◆ Task requirements ◆
Starting at the first line of the records below, transcribe each line exactly, ending with the line that contains "(y0 w) = ereal".

Content starts

lemma eint_mult_exp_y0_eq_0_if_null:
  assumes "(\<integral>\<^sup>+ w. e2ennreal (eexp (y0 w)) \<partial>Q) = 0" and [measurable]: "y \<in> borel_measurable Q"
  shows "eint_defined Q (\<lambda>w. y w * eexp (y0 w)) \<and> eint Q (\<lambda>w. y w * eexp (y0 w)) = 0"
proof -
  have "(\<lambda>w. e2ennreal (eexp (y0 w))) \<in> borel_measurable Q"
    by measurable
  with assms(1) have "AE w in Q. e2ennreal (eexp (y0 w)) = 0"
    by (simp add: nn_integral_0_iff_AE)
  then have "AE w in Q. eexp (y0 w) = 0"
    by (rule eventually_mono) (simp add: eexp_def split: ereal.splits)
  then show ?thesis
    by (intro eint_AE_zero) (auto elim!: eventually_mono)
qed

lemma dual_cone_pairing_exp_y0_nonneg:
  assumes "(\<integral>\<^sup>+ w. e2ennreal (eexp (y0 w)) \<partial>Q) \<noteq> 0" and y: "y \<in> dual_cone Q K"
  shows "eint_defined Q (\<lambda>w. y w * eexp (y0 w)) \<and> 0 \<le> eint Q (\<lambda>w. y w * eexp (y0 w))"
proof -
  have [measurable]: "y \<in> borel_measurable Q" using y by (rule dual_cone_measurable)
  have "AE w in Q. y w * eexp (y0 w) = ereal (exp_y0 w) * y w"
    using eexp_y0_AE by eventually_elim (simp add: mult.commute)
  then have "eint_defined Q (\<lambda>w. y w * eexp (y0 w)) = eint_defined Q (\<lambda>w. ereal (exp_y0 w) * y w)"
    and "eint Q (\<lambda>w. y w * eexp (y0 w)) = eint Q (\<lambda>w. ereal (exp_y0 w) * y w)"
    by (simp_all add: eint_cong_AE)
  with y exp_y0_in_K[OF assms(1)] show ?thesis
    by (simp add: dual_cone_def)
qed

lemma nn_integral_exp_real_of_ereal_y0:
  assumes "0 < t"
  shows "(\<integral>\<^sup>+ w. ennreal (exp (t * real_of_ereal (y0 w))) \<partial>Q) =
    (\<integral>\<^sup>+ w. e2ennreal (eexp (ereal t * y0 w)) \<partial>Q) + emeasure Q {w \<in> space Q. y0 w = - \<infinity>}"
proof -
  have "AE w in Q. ennreal (exp (t * real_of_ereal (y0 w))) =
      e2ennreal (eexp (ereal t * y0 w)) + indicator {w \<in> space Q. y0 w = - \<infinity>} w"
    using y0_not_PInf AE_space
  proof eventually_elim
    fix w assume "y0 w \<noteq> \<infinity>" "w \<in> space Q"
    with assms show "ennreal (exp (t * real_of_ereal (y0 w))) =
        e2ennreal (eexp (ereal t * y0 w)) + indicator {w \<in> space Q. y0 w = - \<infinity>} w"
      by (cases "y0 w") simp_all
  qed
  then show ?thesis
    by (simp add: nn_integral_cong_AE nn_integral_add)
qed

lemma eint_pos_le_eint_neg_y0:
  assumes "(\<integral>\<^sup>+ w. e2ennreal (eexp (y0 w)) \<partial>Q) \<noteq> 0"
  shows "eint_pos Q (\<lambda>w. y0 w * eexp (y0 w)) \<le> eint_neg Q (\<lambda>w. y0 w * eexp (y0 w))"
proof -
  \<comment> \<open>Pass to the real function u, which is 0 where y0 = -\<infinity>; this adds the same finite
    constant N to every exponential integral.\<close>
  define u where "u w = real_of_ereal (y0 w)" for w
  define N where "N = emeasure Q {w \<in> space Q. y0 w = - \<infinity>}"
  have [measurable]: "u \<in> borel_measurable Q" unfolding u_def by measurable
  have shift: "(\<integral>\<^sup>+ w. ennreal (exp (t * u w)) \<partial>Q) = (\<integral>\<^sup>+ w. e2ennreal (eexp (ereal t * y0 w)) \<partial>Q) + N"
    if "0 < t" for t
    unfolding u_def N_def using that by (rule nn_integral_exp_real_of_ereal_y0)
  have "N < \<infinity>"
    unfolding N_def by (simp add: less_top[symmetric])
  have "(\<integral>\<^sup>+ w. ennreal (u w * exp (u w)) \<partial>Q) \<le> (\<integral>\<^sup>+ w. ennreal (- (u w * exp (u w))) \<partial>Q)"
  proof (rule nn_integral_mult_exp_pos_le_neg)
    show "finite_measure Q" by (rule finite_measureI) simp
    show "(\<integral>\<^sup>+ w. ennreal (exp (u w)) \<partial>Q) < \<infinity>"
      using shift[of 1] nn_integral_exp_y0_finite \<open>N < \<infinity>\<close> by simp
    show "(\<integral>\<^sup>+ w. ennreal (exp (u w)) \<partial>Q) \<le> (\<integral>\<^sup>+ w. ennreal (exp (t * u w)) \<partial>Q)" if "0 < t" "t < 1" for t
      using shift[of 1] shift[of t] that
        nn_integral_exp_y0_le[OF assms dual_cone_scale[OF K_integrable y0_dual, of t]]
      by (simp add: add_right_mono)
  qed simp
  moreover have "eint_pos Q (\<lambda>w. y0 w * eexp (y0 w)) = (\<integral>\<^sup>+ w. ennreal (u w * exp (u w)) \<partial>Q)"
    and "eint_neg Q (\<lambda>w. y0 w * eexp (y0 w)) = (\<integral>\<^sup>+ w. ennreal (- (u w * exp (u w))) \<partial>Q)"
  proof -
    have "e2ennreal (y0 w * eexp (y0 w)) = ennreal (u w * exp (u w))
        \<and> e2ennreal (- (y0 w * eexp (y0 w))) = ennreal (- (u w * exp (u w)))" if "y0 w \<noteq> \<infinity>" for w
      using that by (cases "y0 w") (simp_all add: u_def)
    then show "eint_pos Q (\<lambda>w. y0 w * eexp (y0 w)) = (\<integral>\<^sup>+ w. ennreal (u w * exp (u w)) \<partial>Q)"
      and "eint_neg Q (\<lambda>w. y0 w * eexp (y0 w)) = (\<integral>\<^sup>+ w. ennreal (- (u w * exp (u w))) \<partial>Q)"
      unfolding eint_pos_def eint_neg_def using y0_not_PInf
      by (auto intro!: nn_integral_cong_AE elim!: eventually_mono)
  qed
  ultimately show ?thesis by simp
qed

end

theorem lemma3p2:
  fixes Q :: "'a measure" and K :: "('a \<Rightarrow> real) set" and y0 :: "'a \<Rightarrow> ereal"
  assumes "prob_space Q"
    and "K \<subseteq> {x. integrable Q x}"
    and "L1_closed Q K"
    and "convex_cone_fun K"
    and "y0 \<in> dual_cone Q K"
    and "\<forall>y\<in>dual_cone Q K. objective Q y0 \<le> objective Q y"
  shows "eint_defined Q (\<lambda>w. y0 w * eexp (y0 w)) \<and> eint Q (\<lambda>w. y0 w * eexp (y0 w)) = 0 \<and>
         (\<forall>y\<in>dual_cone Q K. eint_defined Q (\<lambda>w. y w * eexp (y0 w)) \<and>
           eint Q (\<lambda>w. y w * eexp (y0 w)) \<ge> 0)"
proof -
  interpret exp_dual_optimum Q K y0
    using assms by (simp add: exp_dual_optimum_def exp_dual_optimum_axioms_def)
  show ?thesis
  proof (cases "(\<integral>\<^sup>+ w. e2ennreal (eexp (y0 w)) \<partial>Q) = 0")
    case True
    then show ?thesis
      using eint_mult_exp_y0_eq_0_if_null dual_cone_measurable by auto
  next
    case False
    let ?f = "\<lambda>w. y0 w * eexp (y0 w)"
    have "eint_neg Q ?f < \<infinity>" and "eint_neg Q ?f \<le> eint_pos Q ?f"
      using dual_cone_pairing_exp_y0_nonneg[OF False y0_dual] eint_defined_nonneg_iff[of ?f Q] by auto
    with eint_pos_le_eint_neg_y0[OF False] have "eint_defined Q ?f \<and> eint Q ?f = 0"
      by (intro eint_eq_0I) auto
    with dual_cone_pairing_exp_y0_nonneg[OF False] show ?thesis
      by auto
  qed
qed

end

Content ends

◆ Your response ◆
lemma eint_mult_exp_y0_eq_0_if_null:
  assumes "(\<integral>\<^sup>+ w. e2ennreal (eexp (y0 w)) \<partial>Q) = 0" and [measurable]: "y \<in> borel_measurable Q"
  shows "eint_defined Q (\<lambda>w. y w * eexp (y0 w)) \<and> eint Q (\<lambda>w. y w * eexp (y0 w)) = 0"
proof -
  have "(\<lambda>w. e2ennreal (eexp (y0 w))) \<in> borel_measurable Q"
    by measurable
  with assms(1) have "AE w in Q. e2ennreal (eexp (y0 w)) = 0"
    by (simp add: nn_integral_0_iff_AE)
  then have "AE w in Q. eexp (y0 w) = 0"
    by (rule eventually_mono) (simp add: eexp_def split: ereal.splits)
  then show ?thesis
    by (intro eint_AE_zero) (auto elim!: eventually_mono)
qed

lemma dual_cone_pairing_exp_y0_nonneg:
  assumes "(\<integral>\<^sup>+ w. e2ennreal (eexp (y0 w)) \<partial>Q) \<noteq> 0" and y: "y \<in> dual_cone Q K"
  shows "eint_defined Q (\<lambda>w. y w * eexp (y0 w)) \<and> 0 \<le> eint Q (\<lambda>w. y w * eexp (y0 w))"
proof -
  have [measurable]: "y \<in> borel_measurable Q" using y by (rule dual_cone_measurable)
  have "AE w in Q. y w * eexp (y0 w) = ereal (exp_y0 w) * y w"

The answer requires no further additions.